〇 古代ローマ時代に作られたオイディウス『転身物語―メタモルフォーゼス―』にある話だ。クマエ(ナポリの西にある古い町)の洞窟にいる巫女だったシビュラは、昔アポロ(ポエプス)に求愛された時、もしも求愛に応えたら希望のものを与えると約束された。そのときシビュラは、手にした一握りの砂粒の数と同じだけの寿命を欲しいと望んだ。彼女はアポロの意に沿わなかったが、その望みは叶えられた。しかし、永遠の青春を同時に希望しなかったため、老いさらばれまた次第に身体が縮んでいきながら千年間生きることになってしまった。ある時、子供たちから「何が欲しい」と尋ねられたときに、シビュラは「死にたい」とだけ答えたそうである。
 
 一口に不老長寿というが、不老だけでも、長寿だけでもそれは良いものにはならない。不老と長寿が同時にあることで、人の希望は叶う。そして現代社会は、不老は一部の金持ちだけで実現できているが、長寿だけはそれを望みもしない人まで巻き込んで実現している。それはまさにこのシビュラの世界を再現しているのではないか。
 

 


1.リーグワン(第12節)結果

ブラックラムズ東京12-31横浜イーグルス


 ブラックラムズの先発SOは堀米航平。そしてアイザック・ルーカスがFBに入ったが、イーグルス相手にどこまで通用するか。試合は、イーグルスが終始ゲームを支配して、完勝した。ブラックラムズはあと少しのところで勝てない。プレーでは良いアタックもあるがディフェンスで淡泊なのが欠点。また、アーロン・スミス、ボーデン・バレット、リッチー・モウンガのレベルがHBにいたら、あと4勝ぐらいはできると思う。

静岡ブルーレヴズ43-14三重ヒート


 最近調子を上げてきたヒートにとって、勝利が望める相手。ここは良い試合をして、ディビジョン1に残りたい。試合は、ブルーレヴズが前半に31-0とリードして勝負を早々に決めてしまった。ヒートは後半2トライを返したものの、最後はシンビンを出すなど良いところがなかった。ヒートは、外国人のフレアーあるプレーに日本人選手がついていけていないのが、最大の難点。さらにザルのディフェンス。この二つを改善できたら、ブルーレヴズと同レベルのチームになる資質を持っている。

埼玉ワイルドナイツ53-12相模原ダイナボアーズ


 ダイナボアーズSOジェイムズ・グレイソンの記事を「4.その他のニュースなど」で紹介したので、王者相手にどんなプレーをするのか注目していた。そしてワイルドナイツは、後半にまたもや山沢兄弟の華麗なトライが見られるか。

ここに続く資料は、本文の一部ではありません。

(*
  In the locale unital_partition_mu we prove Schur's theorem: for m coprime to N the
  power map x \<mapsto> x^m sends every block of P onto a block.  For a prime q, the q-th
  power of the class sum of B lies in the span of the class sums, so it is constant
  on blocks, and it is congruent mod q to the indicator of B^q; hence every block
  meeting B^q lies inside B^q.  This "multiplier" property is closed under products,
  so it holds for all m coprime to N, and the inverse exponent m^(phi N - 1) turns the
  inclusion into an equality.

  Return times: if y lies in the block A and y^(m^d) is again in A, Schur's theorem
  shows that x \<mapsto> x^(m^d) fixes A, so the set of u with y^(m^u) in A is stable
  under subtracting d.  An elementary lemma on such sets of naturals then shows that
  the least positive return time divides phi(M) whenever y^M = 1, because y^(m^phi(M))
  = y by Euler's theorem.  The main theorem takes N = p^n, M = p^(n-k), and m a
  natural representative of alpha modulo p^n (so that y^(alpha^u) = y^(m^u)).
*)

section \<open>Frobenius congruence in commutative rings\<close>

lemma add_power_prime:
  fixes a b :: "'a::comm_ring_1"
  assumes q: "prime q"
  shows "\<exists>c. (a + b) ^ q = a ^ q + b ^ q + of_nat q * c"
proof -
  have q0: "q > 0" using q prime_gt_0_nat by blast
  have "(a + b) ^ q = (\<Sum>k\<le>q. of_nat (q choose k) * a ^ k * b ^ (q - k))"
    by (rule binomial_ring)
  also have "{..q} = {0, q} \<union> {1..<q}" by auto
  also have "(\<Sum>k\<in>{0, q} \<union> {1..<q}. of_nat (q choose k) * a ^ k * b ^ (q - k))
     = (\<Sum>k\<in>{0, q}. of_nat (q choose k) * a ^ k * b ^ (q - k))
       + (\<Sum>k\<in>{1..<q}. of_nat (q choose k) * a ^ k * b ^ (q - k))"
    by (rule sum.union_disjoint) auto
  also have "(\<Sum>k\<in>{0, q}. of_nat (q choose k) * a ^ k * b ^ (q - k)) = a ^ q + b ^ q"
    using q0 by (simp add: add.commute)
  also have "(\<Sum>k\<in>{1..<q}. of_nat (q choose k) * a ^ k * b ^ (q - k))
      = of_nat q * (\<Sum>k\<in>{1..<q}. of_nat ((q choose k) div q) * a ^ k * b ^ (q - k))"
    unfolding sum_distrib_left
  proof (rule sum.cong)
    fix k assume "k \<in> {1..<q}"
    hence "q dvd (q choose k)" using q by (intro dvd_choose_prime) auto
    hence "(of_nat (q choose k) :: 'a) = of_nat q * of_nat ((q choose k) div q)"
      by (metis dvd_mult_div_cancel of_nat_mult)
    thus "of_nat (q choose k) * a ^ k * b ^ (q - k)
        = of_nat q * (of_nat ((q choose k) div q) * a ^ k * b ^ (q - k))"
      by (simp add: mult.assoc)
  qed simp
  finally show ?thesis by blast
qed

 試合は、ダイナボアーズが詰めるタックルで良いディフェンスをするが、ワイルドナイツはそれを上回る個人技とチームプレーでトライを重ねて、圧勝した。両チームの力の差は大きい。ダイナボアーズSOグレイソンは、時折良いプレーを見せたものの、代表レベルにはまだ遠い印象だった。ワイルドナイツNO.8ジャック・コーネルセンが良いプレーを見せていた。

トヨタヴェルブリッツ47-30花園ライナーズ


 ヴェルブリッツはSOボーデン・バレットが欠場だが、SHアーロン・スミスは健在。一方のライナーズは、SHウィル・ゲニアが欠場で、SOクエード・クーパーが健在。果たしてどうなるか。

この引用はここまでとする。